Read the Docs in the Docs

I love that in the course of my work I get the opportunity to be exposed to a lot of different initiatives with the chance to make some impact. One of the major efforts being carried on by a select few right now is to codify our standards of execution as well training, references, and best practice documentation amongst a slew of other potential tangents. We've landed pretty solidly on implementing the presentation layer with Sphinx, a documentation generator that is already quite prevalent for offering docs alongside a codebase. We started off with a handful of individual repositories with the same installation pattern each covering a sensible category of information. The desire was to bring this all together in one place. There are two cheap ways to do that.

  • Copy all of the documentation directly in a single one and just drop the other repositories.
  • Simply create a page that links out to the other repositories wherein the user switches environments from one set to another.

What we really want

What we really wanted was the ability to maintain stable independent sensible collections of documentation that could be used on their own AND to have all of the content centralized in one collection in which the user does not change context as they are click around.

Where the challenge is

The challenge here is that some of these individual documents have links to other documents where those links are currently in the form of full URLs. So how do we maintain links across these docs when they are separate but also within the docs when they are combined?

Intersphinx

So right now, as mentioned previously, one document reaches another document by fully verbose URLs.

Verbose URL Link

As a first step we can implement cross reference labels to assist with linking inside of documentation. (Be sure to take a look at the :ref: role documentation to learn more). In summary you can put a :ref: role before a heading with a label and then reference that label later on to create a link. So:

.. _myFancyLabel:

Section Header
==============

Can be referenced later on with:

Check out the cool information in :ref:'myFancyLabel' to learn more

Which will show up as a link like

Check out the cool information in Section Header to learn more

By applying this methodology internally the connections feel something like this:

Mixed Links

Now what's happening under the covers is that Sphinx is putting those references into an objects.inv file that allows it to resolve the references to the full urls relative to the documentation's root. This is handy. If you can have one set of documentation retrieve that objects.inv file from another set of documentation then you can leverage the references without knowing the full url. Something like...

Intersphinxing

This is accomplished by using the intersphinx extension and using the appropriate reference labels. You need to first enable intersphinx in your conf.py file with:

extensions = [
    'sphinx.ext.intersphinx'
]

and then creating the appropriate mapping with something like...
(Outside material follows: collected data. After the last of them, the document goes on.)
lemma prod_distinct_primes_dvd:
  fixes q :: "'a \<Rightarrow> nat"
  assumes "finite S" and "inj_on q S" and "\<And>i. i \<in> S \<Longrightarrow> Factorial_Ring.prime (q i) \<and> q i dvd d"
  shows "(\<Prod>i\<in>S. q i) dvd d"
  using assms
proof (induction S rule: finite_induct)
  case (insert x F)
  have "coprime (q x) (\<Prod>i\<in>F. q i)"
  proof (rule prod_coprime_right)
    fix i assume "i \<in> F"
    then have "q x \<noteq> q i" using insert.prems(1) insert.hyps(2) by (auto simp: inj_on_def)
    then show "coprime (q x) (q i)"
      using insert.prems(2) \<open>i \<in> F\<close> by (intro primes_coprime) auto
  qed
  moreover have "(\<Prod>i\<in>F. q i) dvd d"
    using insert.IH insert.prems by (auto simp: inj_on_insert)
  ultimately show ?case
    using insert.hyps insert.prems(2) by (simp add: divides_mult)
qed simp

lemma prod_distinct_prime_powers_le:
  fixes q \<beta> :: "'a \<Rightarrow> nat" and k \<alpha> :: nat
  assumes "finite S" and "inj_on q S" and "\<And>i. i \<in> S \<Longrightarrow> Factorial_Ring.prime (q i) \<and> q i dvd k"
    and "0 < k" and "\<And>i. i \<in> S \<Longrightarrow> \<beta> i \<le> \<alpha>"
  shows "(\<Prod>i\<in>S. q i ^ \<beta> i) \<le> k ^ \<alpha>"
proof -
  have "(\<Prod>i\<in>S. q i ^ \<beta> i) \<le> (\<Prod>i\<in>S. q i ^ \<alpha>)"
    using assms(3,5) by (intro prod_mono conjI power_increasing) (simp_all add: prime_gt_0_nat Suc_le_eq)
  also have "\<dots> = (\<Prod>i\<in>S. q i) ^ \<alpha>"
    by (simp add: prod_power_distrib)
  also have "\<dots> \<le> k ^ \<alpha>"
    using dvd_imp_le[OF prod_distinct_primes_dvd[OF assms(1-3)] assms(4)] by (simp add: power_mono)
  finally show ?thesis .
qed
(* For all finite multisets of formulas $\Gamma,\Delta$: $\vdash_{\mathsf{GT}^-}\Gamma\Rightarrow\Delta$ if and only if $\vdash_{\mathsf{GT}'^-}\Gamma\Rightarrow\Delta$.
   Context: Fix a countably infinite set $\mathsf{Prop}$ of propositional variables. Classical formulas are generated by $\alpha ::= p \mid \bot \mid \neg\alpha \mid \alpha\wedge\alpha \mid \alpha\vee\alpha$ with $p\in\mathsf{Prop}$. Formulas are generated by $\phi ::= \alpha \mid \phi\wedge\phi \mid \phi\vee\phi \mid \phi\mathbin{\backslash\!\!/}\phi$ where $\alpha$ is classical ($\vee$: split disjunction, $\mathbin{\backslash\!\!/}$: inquisitive disjunction). A sequent is $\Gamma\Rightarrow\Delta$ with $\Gamma,\Delta$ finite multisets of formulas; "$\Gamma,\Delta$" is multiset union. Deep-inference notation: for a formula $\chi$ with a designated occurrence of a subformula not in the scope of any negation, $\chi\{\eta\}$ denotes the result of replacing that occurrence by $\eta$. The cut-free calculus $\mathsf{GT}^-$ ($\alpha$ ranges over classical formulas, $\Lambda$ over multisets of classical formulas): axioms $\Gamma,p\Rightarrow p,\Delta$ and $\Gamma,\bot\Rightarrow\Delta$; (L$\neg$) from $\Gamma\Rightarrow\alpha,\Delta$ infer $\Gamma,\neg\alpha\Rightarrow\Delta$; (R$\neg$) from $\Gamma,\alpha\Rightarrow\Delta$ infer $\Gamma\Rightarrow\neg\alpha,\Delta$; (L$\wedge$) from $\Gamma,\phi,\psi\Rightarrow\Delta$ infer $\Gamma,\phi\wedge\psi\Rightarrow\Delta$; (R$\wedge$) from $\Gamma\Rightarrow\phi,\Lambda$ and $\Gamma\Rightarrow\psi,\Lambda$ infer $\Gamma\Rightarrow\phi\wedge\psi,\Lambda,\Delta$; (L$\vee$) from $\Gamma,\phi\Rightarrow\Lambda$ and $\Gamma,\psi\Rightarrow\Lambda$ infer $\Gamma,\phi\vee\psi\Rightarrow\Lambda,\Delta$; (R$\vee$) from $\Gamma\Rightarrow\phi,\psi,\Delta$ infer $\Gamma\Rightarrow\phi\vee\psi,\Delta$; (L$\mathbin{\backslash\!\!/}$) from $\Gamma,\chi\{\phi_L\}\Rightarrow\Delta$ and $\Gamma,\chi\{\phi_R\}\Rightarrow\Delta$ infer $\Gamma,\chi\{\phi_L\mathbin{\backslash\!\!/}\phi_R\}\Rightarrow\Delta$; (R$\mathbin{\backslash\!\!/}$) from $\Gamma\Rightarrow\chi\{\phi_i\},\Delta$ ($i\in\{L,R\}$) infer $\Gamma\Rightarrow\chi\{\phi_L\mathbin{\backslash\!\!/}\phi_R\},\Delta$. The calculus $\mathsf{GT}'^-$ has the same axioms and rules as $\mathsf{GT}^-$ except that (R$\wedge$) and (L$\vee$) are replaced by: (L$\vee'$) from $\Gamma_1,\phi\Rightarrow\Delta_1$ and $\Gamma_2,\psi\Rightarrow\Delta_2$ infer $\Gamma_1,\Gamma_2,\phi\vee\psi\Rightarrow\Delta_1,\Delta_2$; (R$\wedge'$) from $\Gamma_1\Rightarrow\phi,\Delta_1$ and $\Gamma_2\Rightarrow\psi,\Delta_2$ infer $\Gamma_1,\Gamma_2\Rightarrow\phi\wedge\psi,\Delta_1,\Delta_2$ (all formulas and multisets arbitrary); and the structural rules (LC) from $\Gamma,\phi,\phi\Rightarrow\Delta$ infer $\Gamma,\phi\Rightarrow\Delta$ ($\phi$ arbitrary), and (RC) from $\Gamma\Rightarrow\alpha,\alpha,\Delta$ infer $\Gamma\Rightarrow\alpha,\Delta$ ($\alpha$ classical) are added. Neither calculus contains a cut rule. *)

theory Defs
  imports Main "HOL-Library.Multiset"
begin

text \<open>Propositional variables: the countably infinite set nat.
  IDisj is the inquisitive disjunction, Disj the split (classical) disjunction.\<close>

datatype fm = Atom nat | Bot | Neg fm | Conj fm fm | Disj fm fm | IDisj fm fm

fun classical :: "fm \<Rightarrow> bool" where
  "classical (Atom p) = True"
| "classical Bot = True"
| "classical (Neg a) = classical a"
| "classical (Conj a b) = (classical a \<and> classical b)"
| "classical (Disj a b) = (classical a \<and> classical b)"
| "classical (IDisj a b) = False"

fun wf_fm :: "fm \<Rightarrow> bool" where
  "wf_fm (Atom p) = True"
| "wf_fm Bot = True"
| "wf_fm (Neg a) = classical a"
| "wf_fm (Conj a b) = (wf_fm a \<and> wf_fm b)"
| "wf_fm (Disj a b) = (wf_fm a \<and> wf_fm b)"
| "wf_fm (IDisj a b) = (wf_fm a \<and> wf_fm b)"

text \<open>Deep-inference contexts: a designated hole not in the scope of any negation.\<close>
datatype ctx = Hole
  | CConjL ctx fm | CConjR fm ctx
  | CDisjL ctx fm | CDisjR fm ctx
  | CIDisjL ctx fm | CIDisjR fm ctx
intersphinx_mapping = {'python': ('https://docs.python.org/', None),
                   'document_b': ('http://www.fullurltodocs.com/', None)}

The grand thing with intersphinx is that as long as there is no label naming collision between the local document (the one that folks are viewing) and the remote document (the one you're trying to link to), then simple :ref: links work just as that should. If there is a risk of collision then you simply make the link a little more verbose with something like...
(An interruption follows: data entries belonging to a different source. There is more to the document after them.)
(* Let $q$ be a prime power and let $n\ge 3$ be an odd integer. Let $d\in D_n$, let $\beta$ be a primitive $d$-th root of unity over $\mathbb{F}_{q^2}$, and let $f_\beta(x)=\prod_{i=0}^{n-1}(x-\beta^{q^{2i}})$. Then $f_\beta(x)$ is a SCRIM polynomial over $\mathbb{F}_{q^2}$ of degree $n$ and order $d$.
   Context: $D_n$ denotes the set of all positive divisors of $q^n+1$ that do not divide $q^k+1$ for any integer $0\le k<n$. For $f(x)\in\mathbb{F}_{q^2}[x]$ of degree $m$ with $f(0)\neq0$, the reciprocal is $f^*(x)=x^m f(0)^{-1}f(1/x)$, the conjugate of $g(x)=\sum g_ix^i$ is $\overline{g(x)}=\sum g_i^q x^i$, and the conjugate-reciprocal is $f^\dagger(x)=\overline{f^*(x)}$. A polynomial $f$ with $f(0)\ne 0$ is SCRIM if $f=f^\dagger$ and $f$ is irreducible and monic. The order of $f$ is the smallest positive integer $s$ such that $f(x)$ divides $x^s-1$. *)

theory Defs
  imports "HOL-Computational_Algebra.Computational_Algebra"
begin

definition D_set :: "nat \<Rightarrow> nat \<Rightarrow> nat set" where
  "D_set q n = {d. 0 < d \<and> d dvd q ^ n + 1 \<and> (\<forall>k<n. \<not> d dvd q ^ k + 1)}"

definition recip_poly :: "'a::field poly \<Rightarrow> 'a poly" where
  "recip_poly f = smult (inverse (coeff f 0)) (reflect_poly f)"

definition conj_poly :: "nat \<Rightarrow> 'a::field poly \<Rightarrow> 'a poly" where
  "conj_poly q g = map_poly (\<lambda>c. c ^ q) g"

definition conj_recip :: "nat \<Rightarrow> 'a::field poly \<Rightarrow> 'a poly" where
  "conj_recip q f = conj_poly q (recip_poly f)"

text \<open>SCRIM over F_{q^2} (the coefficient field 'a).\<close>
definition SCRIM :: "nat \<Rightarrow> 'a::field poly \<Rightarrow> bool" where
  "SCRIM q f \<longleftrightarrow> coeff f 0 \<noteq> 0 \<and> f = conj_recip q f \<and> irreducible f \<and> lead_coeff f = 1"

definition poly_ord :: "'a::field poly \<Rightarrow> nat" where
  "poly_ord f = (LEAST s. 0 < s \<and> f dvd (monom 1 s - 1))"

definition primitive_root :: "nat \<Rightarrow> 'b::field \<Rightarrow> bool" where
  "primitive_root d b \<longleftrightarrow> 0 < d \<and> b ^ d = 1 \<and> (\<forall>j. 0 < j \<and> j < d \<longrightarrow> b ^ j \<noteq> 1)"

end

(*
  The roots of f_beta form the orbit of beta under the Frobenius x |-> x^(q^2) of F_{q^2}.
  For odd n and d in D_n, q^2 has order exactly n modulo d, so the orbit has n elements.
  Being stable under this Frobenius, f_beta has its coefficients in F_{q^2}; it is irreducible
  because every polynomial over F_{q^2} vanishing at beta vanishes on the whole orbit, and its
  order is d because beta is a primitive d-th root of unity. Finally beta^(q^n) = 1/beta, so
  x |-> (1/x)^q is the power x |-> x^(q^(n+1)) = x^((q^2)^((n+1)/2)) of the Frobenius; it
  permutes the orbit, and that is exactly the statement that f_beta is self-conjugate-reciprocal.
*)
theory Submission
  imports Defs "HOL-Number_Theory.Pocklington" "Berlekamp_Zassenhaus.Finite_Field"
begin

lemma coprime_if_dvd_power_plus_one:
  fixes d q n :: nat
  assumes "d dvd q ^ n + 1" and "0 < n"
  shows "coprime d q"
proof -
  have "coprime (q ^ n + 1) q"
    using assms(2) by (metis coprime_add_one_left coprime_power_right_iff order.strict_iff_not)
  then show ?thesis
    using assms(1) by (metis coprime_divisors gcd_nat.refl)
qed

lemma cong_square_power_if_dvd_power_plus_one:
  fixes d q n :: nat
  assumes "d dvd q ^ n + 1"
  shows "[(q ^ 2) ^ n = 1] (mod d)"
proof -
  have "[int q ^ n + 1 = 0] (mod int d)"
    using assms unfolding cong_0_iff by (metis of_nat_1 of_nat_add of_nat_dvd_iff of_nat_power)
  then have "[int q ^ n = - 1] (mod int d)"
    by (metis add_diff_cancel_right' cong_diff cong_refl diff_0)
  then have "[(int q ^ n) ^ 2 = (- 1) ^ 2] (mod int d)"
    by (rule cong_pow)
  then have "[int ((q ^ 2) ^ n) = int 1] (mod int d)"
    by (simp add: power_mult_distrib flip: power_mult mult.commute)
  then show ?thesis
    by (simp only: cong_int_iff)
qed

text \<open>Since \<open>n\<close> is odd, an order \<open>s < n\<close> of \<open>q\<^sup>2\<close> would divide \<open>n\<close> with odd cofactor, giving
  \<open>q\<^sup>n \<equiv> q\<^sup>s\<close> and hence \<open>d dvd q\<^sup>s + 1\<close>, which the definition of \<open>D_set\<close> excludes.\<close>
theorem ord_square_eq_if_D_set:
  assumes D: "d \<in> D_set q n" and "odd n"
  shows "ord d (q ^ 2) = n"
proof -
  have d: "d dvd q ^ n + 1" and not_dvd: "\<And>k. k < n \<Longrightarrow> \<not> d dvd q ^ k + 1"
    using D by (auto simp: D_set_def)
  have "0 < n" using \<open>odd n\<close> by (simp add: odd_pos)
  define s where "s = ord d (q ^ 2)"
  have "coprime d (q ^ 2)"
    using coprime_if_dvd_power_plus_one[OF d \<open>0 < n\<close>] by simp
  then have "0 < s" by (simp add: s_def coprime_commute)
  have "s dvd n"
    using cong_square_power_if_dvd_power_plus_one[OF d] by (simp add: s_def ord_divides')
  then obtain r where "n = s * r" ..
  moreover from this have "odd r" using \<open>odd n\<close> by simp
  then obtain t where "r = 2 * t + 1" by (rule oddE)
  ultimately have n_eq: "n = s + 2 * s * t" by (simp add: algebra_simps)
  have "[(q ^ 2) ^ s = 1] (mod d)"
    using ord by (simp add: s_def)
  then have "[q ^ s * ((q ^ 2) ^ s) ^ t = q ^ s * 1 ^ t] (mod d)"
    by (intro cong_mult cong_pow cong_refl)
  then have "[q ^ n + 1 = q ^ s + 1] (mod d)"
    by (intro cong_add cong_refl) (simp add: n_eq power_add flip: power_mult mult.assoc)
  then have "d dvd q ^ s + 1"
    using d by (metis cong_0_iff cong_sym cong_trans)
  then have "\<not> s < n" using not_dvd by blast
  then show ?thesis
    using dvd_imp_le[OF \<open>s dvd n\<close> \<open>0 < n\<close>] s_def by simp
qed

lemma primitive_root_pow_eq_1_iff:
  assumes "primitive_root d (b :: 'b::field)"
  shows "b ^ a = 1 \<longleftrightarrow> d dvd a"
proof -
  have "0 < d" and "b ^ d = 1" and minimal: "\<And>j. 0 < j \<Longrightarrow> j < d \<Longrightarrow> b ^ j \<noteq> 1"
    using assms by (auto simp: primitive_root_def)
  have "b ^ a = b ^ (d * (a div d) + a mod d)"
    by simp
  also have "\<dots> = (b ^ d) ^ (a div d) * b ^ (a mod d)"
    by (simp only: power_add power_mult)
  finally have "b ^ a = b ^ (a mod d)"
    using \<open>b ^ d = 1\<close> by simp
  moreover have "a mod d < d"
    using \<open>0 < d\<close> by simp
  ultimately have "b ^ a = 1 \<longleftrightarrow> a mod d = 0"
    using minimal[of "a mod d"] by auto
  then show ?thesis
    by (simp add: dvd_eq_mod_eq_0)
qed

lemma primitive_root_pow_eq_pow_iff:
  assumes "primitive_root d (b :: 'b::field)"
  shows "b ^ a = b ^ c \<longleftrightarrow> [a = c] (mod d)"
proof -
  have "b \<noteq> 0"
    using assms by (auto simp: primitive_root_def power_0_left)
  have ordered: "b ^ a = b ^ c \<longleftrightarrow> [c = a] (mod d)" if "a \<le> c" for a c
  proof -
    have "b ^ c = b ^ a * b ^ (c - a)"
      using that by (simp flip: power_add)
    then have "b ^ a = b ^ c \<longleftrightarrow> b ^ (c - a) = 1"
      using \<open>b \<noteq> 0\<close> by auto
    also have "\<dots> \<longleftrightarrow> [c = a] (mod d)"
      using primitive_root_pow_eq_1_iff[OF assms] cong_altdef_nat[OF that] by simp
    finally show ?thesis .
  qed
  show ?thesis
  proof (cases "a \<le> c")
    case True
    then show ?thesis using ordered[of a c] cong_sym_eq by blast
  next
    case False
    then show ?thesis using ordered[of c a] by auto
  qed
qed

lemma field_hom_of_add_mult:
  fixes f :: "'a::field \<Rightarrow> 'b::field"
  assumes "f 1 = 1" and "\<And>x y. f (x + y) = f x + f y" and "\<And>x y. f (x * y) = f x * f y"
  shows "field_hom f"
proof -
  have "f 0 = 0"
    using assms(2)[of 0 0] by (metis add.right_neutral add_left_cancel)
  then show ?thesis
    by unfold_locales (use assms in auto)
qed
Check out the cool information in :ref:`this document's stuff <document_b:myFancyLabel>` to learn more

This will ensure that Sphinx only grabs the myFancyLabel anchor in document_b's documentation regardless of its existence in the local document.
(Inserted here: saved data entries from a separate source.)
(* There exists a constant $r_{m,1}>0$ depending only on $m$ such that for $P$-a.e. $\omega$ there exists $N_2(\omega)\in\mathbb N$ such that for every $n>N_2(\omega)$, $C_{Q_n(\omega)}\subset[-r_{m,1},r_{m,1}]$.
   Context: Fix $m>1/2$. Let $c_m:=\left(\int_{\mathbb R}(1+x^2)^{-m}dx\right)^{-1}$ and let $\nu_m(dx):=c_m(1+x^2)^{-m}dx$ (the Pearson Type VII law $\mathrm{PVII}_m(0,1)$). Let $(X_n)_{n\ge1}$ be i.i.d. random variables on $(\Omega,\mathcal F,P)$ with law $\nu_m$. For $t\in\mathbb R$ let $L_n(t):=\frac1n\sum_{i=1}^n\log(1+(X_i-t)^2)$. Let $Q_n(\omega):=\frac1n\sum_{i=1}^n\delta_{X_i(\omega)}$ be the empirical distribution and $C_{Q_n(\omega)}:=\{t\in\mathbb R: L_n(t)(\omega)=\min_{s\in\mathbb R}L_n(s)(\omega)\}$ the set of minimizers of $L_n(\cdot)(\omega)$ (the Fréchet mean set). *)

theory Defs
  imports "HOL-Probability.Probability"
begin

definition pvii_const :: "real \<Rightarrow> real" where
  "pvii_const m = 1 / (\<integral>x. (1 + x\<^sup>2) powr (-m) \<partial>lborel)"

definition pvii :: "real \<Rightarrow> real measure" where
  "pvii m = density lborel (\<lambda>x. ennreal (pvii_const m * (1 + x\<^sup>2) powr (-m)))"

definition Ln :: "(nat \<Rightarrow> 'a \<Rightarrow> real) \<Rightarrow> nat \<Rightarrow> 'a \<Rightarrow> real \<Rightarrow> real" where
  "Ln X n \<omega> t = (1 / real n) * (\<Sum>i = 1..n. ln (1 + (X i \<omega> - t)\<^sup>2))"

definition frechet_mean_set :: "(nat \<Rightarrow> 'a \<Rightarrow> real) \<Rightarrow> nat \<Rightarrow> 'a \<Rightarrow> real set" where
  "frechet_mean_set X n \<omega> = {t. \<forall>s. Ln X n \<omega> t \<le> Ln X n \<omega> s}"

end

theory Submission
  imports Defs
begin

text \<open>
  Write rho(x) = ln (1 + x^2) and pick K with nu_m [-K, K] > 3/4. By Hoeffding's inequality and
  Borel-Cantelli, almost surely more than 3/4 of X_1, ..., X_n lie in [-K, K] for all large n.
  For such a sample, replacing the centre 0 by some t with |t| >= 2K increases rho(X_i - .) by
  at least ln (1 + (|t| - K)^2) - ln (1 + K^2) at every inlier and, since
  1 + x^2 <= 2 (1 + t^2) (1 + (x - t)^2), decreases it by at most ln 2 + ln (1 + t^2) at every
  outlier. Beyond the radius 2K + 128 (1 + K^2)^3 the inliers' gain exceeds three times the
  outliers' loss, so L_n(t) > L_n(0) and t is no minimiser. The radius depends on the law only
  through K.
\<close>

definition minimiser_radius :: "real \<Rightarrow> real" where
  "minimiser_radius K = 2 * K + 128 * (1 + K\<^sup>2) ^ 3"

lemma minimiser_radius_gt: "2 * K < minimiser_radius K"
proof -
  have "0 < (1 + K\<^sup>2) ^ 3"
    by (simp add: add_pos_nonneg)
  then show ?thesis
    unfolding minimiser_radius_def by linarith
qed

lemma ln_one_plus_sq_triangle:
  fixes x t :: real
  shows "ln (1 + x\<^sup>2) \<le> ln 2 + ln (1 + t\<^sup>2) + ln (1 + (x - t)\<^sup>2)"
proof -
  have pos: "0 < 1 + t\<^sup>2" "0 < 1 + (x - t)\<^sup>2"
    by (simp_all add: add_pos_nonneg)
  have "1 + x\<^sup>2 \<le> 2 * (1 + t\<^sup>2) * (1 + (x - t)\<^sup>2)"
  proof -
    have "0 \<le> (x - 2 * t)\<^sup>2 + 2 * t\<^sup>2 * (x - t)\<^sup>2" by simp
    then show ?thesis by (simp add: power2_eq_square algebra_simps)
  qed
  then have "ln (1 + x\<^sup>2) \<le> ln (2 * (1 + t\<^sup>2) * (1 + (x - t)\<^sup>2))"
    by (simp add: add_pos_nonneg)
  also have "\<dots> = ln 2 + ln (1 + t\<^sup>2) + ln (1 + (x - t)\<^sup>2)"
    using pos by (simp only: ln_mult_pos mult_pos_pos zero_less_numeral)
  finally show ?thesis .
qed

lemma ln_one_plus_sq_far_shift_ge:
  fixes x t K :: real
  assumes "\<bar>x\<bar> \<le> K" "2 * K \<le> \<bar>t\<bar>"
  shows "ln (1 + x\<^sup>2) + (ln (1 + (\<bar>t\<bar> - K)\<^sup>2) - ln (1 + K\<^sup>2)) \<le> ln (1 + (x - t)\<^sup>2)"
proof -
  have "\<bar>x\<bar> \<le> \<bar>K\<bar>" "\<bar>\<bar>t\<bar> - K\<bar> \<le> \<bar>x - t\<bar>"
    using assms by linarith+
  then have "x\<^sup>2 \<le> K\<^sup>2" "(\<bar>t\<bar> - K)\<^sup>2 \<le> (x - t)\<^sup>2"
    by (simp_all only: abs_le_square_iff)
  then have "ln (1 + x\<^sup>2) \<le> ln (1 + K\<^sup>2)" "ln (1 + (\<bar>t\<bar> - K)\<^sup>2) \<le> ln (1 + (x - t)\<^sup>2)"
    by (simp_all add: add_pos_nonneg)
  then show ?thesis by linarith
qed

lemma minimiser_radius_loss_lt_gain:
  fixes K t :: real
  assumes "K \<ge> 0" and "\<bar>t\<bar> > minimiser_radius K"
  shows "ln 2 + ln (1 + t\<^sup>2) < 3 * (ln (1 + (\<bar>t\<bar> - K)\<^sup>2) - ln (1 + K\<^sup>2))"
proof -
  define c where "c = 1 + K\<^sup>2"
  define u where "u = 1 + t\<^sup>2"
  define a where "a = 1 + (\<bar>t\<bar> - K)\<^sup>2"
  have c: "1 \<le> c" and u: "1 \<le> u" and a: "0 < a"
    by (simp_all add: c_def u_def a_def add_pos_nonneg)
  have "minimiser_radius K = 2 * K + 128 * c ^ 3"
    by (simp add: minimiser_radius_def c_def)
  with assms one_le_power[OF c, of 3]
  have t_big: "128 * c ^ 3 < \<bar>t\<bar>" and K_small: "K \<le> \<bar>t\<bar> / 2"
    by linarith+
  have "1 \<le> \<bar>t\<bar>"
    using t_big one_le_power[OF c, of 3] by linarith
  then have "\<bar>t\<bar> \<le> t\<^sup>2"
    using power_increasing[of 1 2 "\<bar>t\<bar>"] by simp
  then have "128 * c ^ 3 < u"
    using t_big by (simp add: u_def)
  also have "u \<le> u\<^sup>2"
    using power_increasing[of 1 2 u] u by simp
  finally have "u * (128 * c ^ 3) < u * u\<^sup>2"
    using u by simp
  then have "2 * u * c ^ 3 < (u / 4) ^ 3"
    by (simp add: power2_eq_square power3_eq_cube)
  also have "\<dots> \<le> a ^ 3"
  proof (rule power_mono)
    have "(\<bar>t\<bar> / 2)\<^sup>2 \<le> (\<bar>t\<bar> - K)\<^sup>2"
      using K_small assms(1) by (intro power_mono) auto
    then show "u / 4 \<le> a"
      by (simp add: a_def u_def power_divide)
  qed (use u in simp)
  finally have "ln (2 * u * c ^ 3) < ln (a ^ 3)"
    using u c a by (subst ln_less_cancel_iff) auto
  moreover have "ln (2 * u * c ^ 3) = ln 2 + ln u + 3 * ln c"
    using u c by (simp add: ln_mult ln_realpow)
  moreover have "ln (a ^ 3) = 3 * ln a"
    using a by (simp add: ln_realpow)
  ultimately show ?thesis
    by (simp add: a_def c_def u_def)
qed

lemma sum_ln_one_plus_sq_lt_shift:
  fixes x :: "nat \<Rightarrow> real" and K t :: real
  assumes K: "K \<ge> 0"
    and concentrated: "3 / 4 < (\<Sum>i = 1..n. indicator {-K..K} (x i)) / n"
    and far: "\<bar>t\<bar> > minimiser_radius K"
  shows "(\<Sum>i = 1..n. ln (1 + (x i)\<^sup>2)) < (\<Sum>i = 1..n. ln (1 + (x i - t)\<^sup>2))"
proof -
  define gain where "gain = ln (1 + (\<bar>t\<bar> - K)\<^sup>2) - ln (1 + K\<^sup>2)"
  define loss where "loss = ln 2 + ln (1 + t\<^sup>2)"
  define inside where "inside = (\<Sum>i = 1..n. indicator {-K..K} (x i) :: real)"
  have loss_gain: "loss < 3 * gain"
    using minimiser_radius_loss_lt_gain[OF K far] by (simp add: gain_def loss_def)
  have "0 \<le> loss"
    by (simp add: loss_def)
  have "2 * K \<le> \<bar>t\<bar>"
    using far minimiser_radius_gt[of K] by linarith
  then have pointwise: "ln (1 + (x i)\<^sup>2) + (indicator {-K..K} (x i) * (gain + loss) - loss)
      \<le> ln (1 + (x i - t)\<^sup>2)" for i
  proof (cases "x i \<in> {-K..K}")
    case True
    then have "\<bar>x i\<bar> \<le> K"
      by auto
    from ln_one_plus_sq_far_shift_ge[OF this \<open>2 * K \<le> \<bar>t\<bar>\<close>] True show ?thesis
      by (simp add: gain_def)
  next
    case False
    with ln_one_plus_sq_triangle[of "x i" t] show ?thesis
      by (simp add: loss_def)
  qed
  have "n > 0"
    using concentrated by (cases n) auto
  then have "3 / 4 * n < inside"
    using concentrated by (simp add: inside_def field_simps)
  then have "3 / 4 * n * (gain + loss) < inside * (gain + loss)"
    using loss_gain \<open>0 \<le> loss\<close> by (intro mult_strict_right_mono) auto
  moreover have "n * loss \<le> n * (3 / 4 * (gain + loss))"
    using loss_gain by (intro mult_left_mono) auto
  ultimately have positive: "0 < inside * (gain + loss) - n * loss"
    by (simp add: algebra_simps)
  have "(\<Sum>i = 1..n. ln (1 + (x i)\<^sup>2)) + (inside * (gain + loss) - n * loss)
      = (\<Sum>i = 1..n. ln (1 + (x i)\<^sup>2) + (indicator {-K..K} (x i) * (gain + loss) - loss))"
    by (simp add: inside_def sum.distrib sum_subtractf sum_distrib_right)
  also have "\<dots> \<le> (\<Sum>i = 1..n. ln (1 + (x i - t)\<^sup>2))"
    by (intro sum_mono pointwise)
  finally show ?thesis
    using positive by linarith
qed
Now if you have a master plan as you are writing your documentation perhaps you (read: I) would go the extra step to create a convention of reference creating to ensure uniqueness within and among documents. It's a little tedious but making a label like _docname_page_section as opposed to simply _section will allow you to control your surroundings. This becomes especially true if what you want is:

maintain stable independent sensible collections of documentation that could be used on their own AND to have all of the content centralized in one collection in which the user does not change context as they are click around.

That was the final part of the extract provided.